Records from a data source:
──────────────────────────────

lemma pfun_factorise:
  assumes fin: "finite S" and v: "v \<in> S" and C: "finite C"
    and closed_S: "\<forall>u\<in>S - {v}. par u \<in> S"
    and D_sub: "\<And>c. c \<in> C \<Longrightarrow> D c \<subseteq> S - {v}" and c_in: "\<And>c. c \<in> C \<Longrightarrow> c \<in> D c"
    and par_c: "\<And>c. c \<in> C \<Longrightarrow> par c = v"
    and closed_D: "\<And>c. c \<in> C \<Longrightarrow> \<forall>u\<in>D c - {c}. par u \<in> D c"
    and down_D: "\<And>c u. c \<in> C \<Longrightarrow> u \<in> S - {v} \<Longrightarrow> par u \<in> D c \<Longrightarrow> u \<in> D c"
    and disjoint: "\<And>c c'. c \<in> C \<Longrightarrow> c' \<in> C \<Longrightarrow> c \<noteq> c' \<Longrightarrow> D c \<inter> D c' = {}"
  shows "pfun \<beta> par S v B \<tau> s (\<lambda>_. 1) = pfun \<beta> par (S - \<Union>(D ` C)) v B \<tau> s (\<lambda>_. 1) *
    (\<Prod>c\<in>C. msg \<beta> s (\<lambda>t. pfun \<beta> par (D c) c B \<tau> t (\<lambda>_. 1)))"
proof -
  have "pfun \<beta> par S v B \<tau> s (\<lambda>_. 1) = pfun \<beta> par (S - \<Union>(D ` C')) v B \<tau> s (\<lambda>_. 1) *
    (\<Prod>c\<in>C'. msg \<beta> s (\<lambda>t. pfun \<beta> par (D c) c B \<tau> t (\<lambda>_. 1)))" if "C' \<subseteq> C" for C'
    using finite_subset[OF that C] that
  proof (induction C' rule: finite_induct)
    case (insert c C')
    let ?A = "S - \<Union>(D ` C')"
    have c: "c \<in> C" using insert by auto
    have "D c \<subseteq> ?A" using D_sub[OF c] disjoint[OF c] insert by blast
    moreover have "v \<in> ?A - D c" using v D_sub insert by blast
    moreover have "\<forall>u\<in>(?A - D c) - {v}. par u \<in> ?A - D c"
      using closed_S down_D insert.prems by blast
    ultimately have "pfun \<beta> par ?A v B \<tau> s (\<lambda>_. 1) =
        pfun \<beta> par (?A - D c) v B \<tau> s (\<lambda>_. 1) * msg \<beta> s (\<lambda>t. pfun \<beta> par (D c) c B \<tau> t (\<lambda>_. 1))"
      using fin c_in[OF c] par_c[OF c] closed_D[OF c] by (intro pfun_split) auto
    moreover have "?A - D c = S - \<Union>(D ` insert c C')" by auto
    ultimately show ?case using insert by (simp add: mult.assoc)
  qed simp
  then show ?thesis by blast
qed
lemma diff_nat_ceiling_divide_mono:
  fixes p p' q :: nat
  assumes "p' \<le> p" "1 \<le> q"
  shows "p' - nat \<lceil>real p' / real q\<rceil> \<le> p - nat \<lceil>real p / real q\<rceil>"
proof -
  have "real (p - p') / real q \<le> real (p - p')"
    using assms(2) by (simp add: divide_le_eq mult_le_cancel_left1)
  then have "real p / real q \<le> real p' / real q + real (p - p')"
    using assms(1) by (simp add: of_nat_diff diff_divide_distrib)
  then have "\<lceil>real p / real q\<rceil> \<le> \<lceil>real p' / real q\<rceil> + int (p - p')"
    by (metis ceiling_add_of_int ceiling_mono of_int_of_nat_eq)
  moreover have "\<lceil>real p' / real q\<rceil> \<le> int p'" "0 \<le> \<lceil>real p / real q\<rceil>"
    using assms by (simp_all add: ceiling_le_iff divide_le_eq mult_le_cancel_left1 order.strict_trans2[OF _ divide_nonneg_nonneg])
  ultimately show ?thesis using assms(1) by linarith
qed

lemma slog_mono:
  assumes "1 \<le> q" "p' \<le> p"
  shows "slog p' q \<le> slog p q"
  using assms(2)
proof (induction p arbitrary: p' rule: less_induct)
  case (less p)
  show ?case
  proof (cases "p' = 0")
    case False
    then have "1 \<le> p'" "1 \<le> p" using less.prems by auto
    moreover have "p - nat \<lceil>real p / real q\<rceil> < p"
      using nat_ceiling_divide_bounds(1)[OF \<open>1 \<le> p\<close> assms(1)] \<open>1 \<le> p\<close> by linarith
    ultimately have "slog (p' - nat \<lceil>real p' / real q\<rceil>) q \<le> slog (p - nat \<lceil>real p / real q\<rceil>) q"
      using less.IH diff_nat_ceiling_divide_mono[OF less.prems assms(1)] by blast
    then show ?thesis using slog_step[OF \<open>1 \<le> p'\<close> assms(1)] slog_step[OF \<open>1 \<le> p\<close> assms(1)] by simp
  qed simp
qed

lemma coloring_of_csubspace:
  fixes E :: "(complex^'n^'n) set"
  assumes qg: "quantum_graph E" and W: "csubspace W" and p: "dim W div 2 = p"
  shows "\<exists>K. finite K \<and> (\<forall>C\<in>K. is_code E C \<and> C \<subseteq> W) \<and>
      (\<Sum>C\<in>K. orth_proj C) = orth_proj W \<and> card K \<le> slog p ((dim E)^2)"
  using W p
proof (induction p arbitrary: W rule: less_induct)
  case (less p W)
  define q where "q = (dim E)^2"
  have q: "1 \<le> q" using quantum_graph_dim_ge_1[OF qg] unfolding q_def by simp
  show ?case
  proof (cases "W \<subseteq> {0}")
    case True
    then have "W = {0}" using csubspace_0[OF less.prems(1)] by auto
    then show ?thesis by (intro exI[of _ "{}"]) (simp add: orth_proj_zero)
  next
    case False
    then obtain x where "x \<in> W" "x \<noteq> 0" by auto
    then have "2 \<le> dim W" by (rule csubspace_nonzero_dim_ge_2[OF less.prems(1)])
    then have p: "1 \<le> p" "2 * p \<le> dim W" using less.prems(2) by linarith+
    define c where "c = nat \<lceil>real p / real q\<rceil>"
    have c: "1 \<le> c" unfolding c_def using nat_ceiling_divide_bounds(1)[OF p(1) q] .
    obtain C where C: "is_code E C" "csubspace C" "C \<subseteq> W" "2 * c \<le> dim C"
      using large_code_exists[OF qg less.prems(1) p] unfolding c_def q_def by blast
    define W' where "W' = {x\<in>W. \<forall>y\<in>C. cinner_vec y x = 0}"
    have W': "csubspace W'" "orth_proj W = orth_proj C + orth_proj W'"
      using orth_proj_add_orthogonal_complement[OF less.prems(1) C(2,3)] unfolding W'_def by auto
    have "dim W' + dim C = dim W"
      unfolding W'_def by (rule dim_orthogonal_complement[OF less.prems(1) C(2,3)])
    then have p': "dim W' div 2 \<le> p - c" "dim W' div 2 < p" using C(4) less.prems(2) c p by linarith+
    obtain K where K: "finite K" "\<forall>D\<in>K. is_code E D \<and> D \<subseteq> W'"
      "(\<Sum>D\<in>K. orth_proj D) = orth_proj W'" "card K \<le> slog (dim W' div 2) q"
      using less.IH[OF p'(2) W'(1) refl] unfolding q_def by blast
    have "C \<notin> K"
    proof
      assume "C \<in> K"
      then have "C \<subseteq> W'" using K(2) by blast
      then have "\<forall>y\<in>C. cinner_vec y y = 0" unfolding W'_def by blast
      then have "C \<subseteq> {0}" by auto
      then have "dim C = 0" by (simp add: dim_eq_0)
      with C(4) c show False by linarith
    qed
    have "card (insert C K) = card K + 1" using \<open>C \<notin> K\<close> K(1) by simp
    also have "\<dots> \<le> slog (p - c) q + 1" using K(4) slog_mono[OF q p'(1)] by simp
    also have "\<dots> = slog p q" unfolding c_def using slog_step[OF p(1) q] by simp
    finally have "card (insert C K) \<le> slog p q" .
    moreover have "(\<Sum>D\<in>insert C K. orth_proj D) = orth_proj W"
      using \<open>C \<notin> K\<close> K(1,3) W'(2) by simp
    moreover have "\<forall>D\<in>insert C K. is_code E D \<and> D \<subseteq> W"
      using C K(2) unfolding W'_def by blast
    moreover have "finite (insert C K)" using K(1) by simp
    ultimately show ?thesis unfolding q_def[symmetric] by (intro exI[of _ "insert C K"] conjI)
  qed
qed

──────────────────────────────

● ABOUT THIS TASK
Your answer should hold exactly the lines from the one containing "K) \<le> slog" through the end of the entries above, and nothing else.

● ANSWER
    finally have "card (insert C K) \<le> slog p q" .
    moreover have "(\<Sum>D\<in>insert C K. orth_proj D) = orth_proj W"
      using \<open>C \<notin> K\<close> K(1,3) W'(2) by simp
    moreover have "\<forall>D\<in>insert C K. is_code E D \<and> D \<subseteq> W"
      using C K(2) unfolding W'_def by blast
    moreover have "finite (insert C K)" using K(1) by simp
    ultimately show ?thesis unfolding q_def[symmetric] by (intro exI[of _ "insert C K"] conjI)
  qed
qed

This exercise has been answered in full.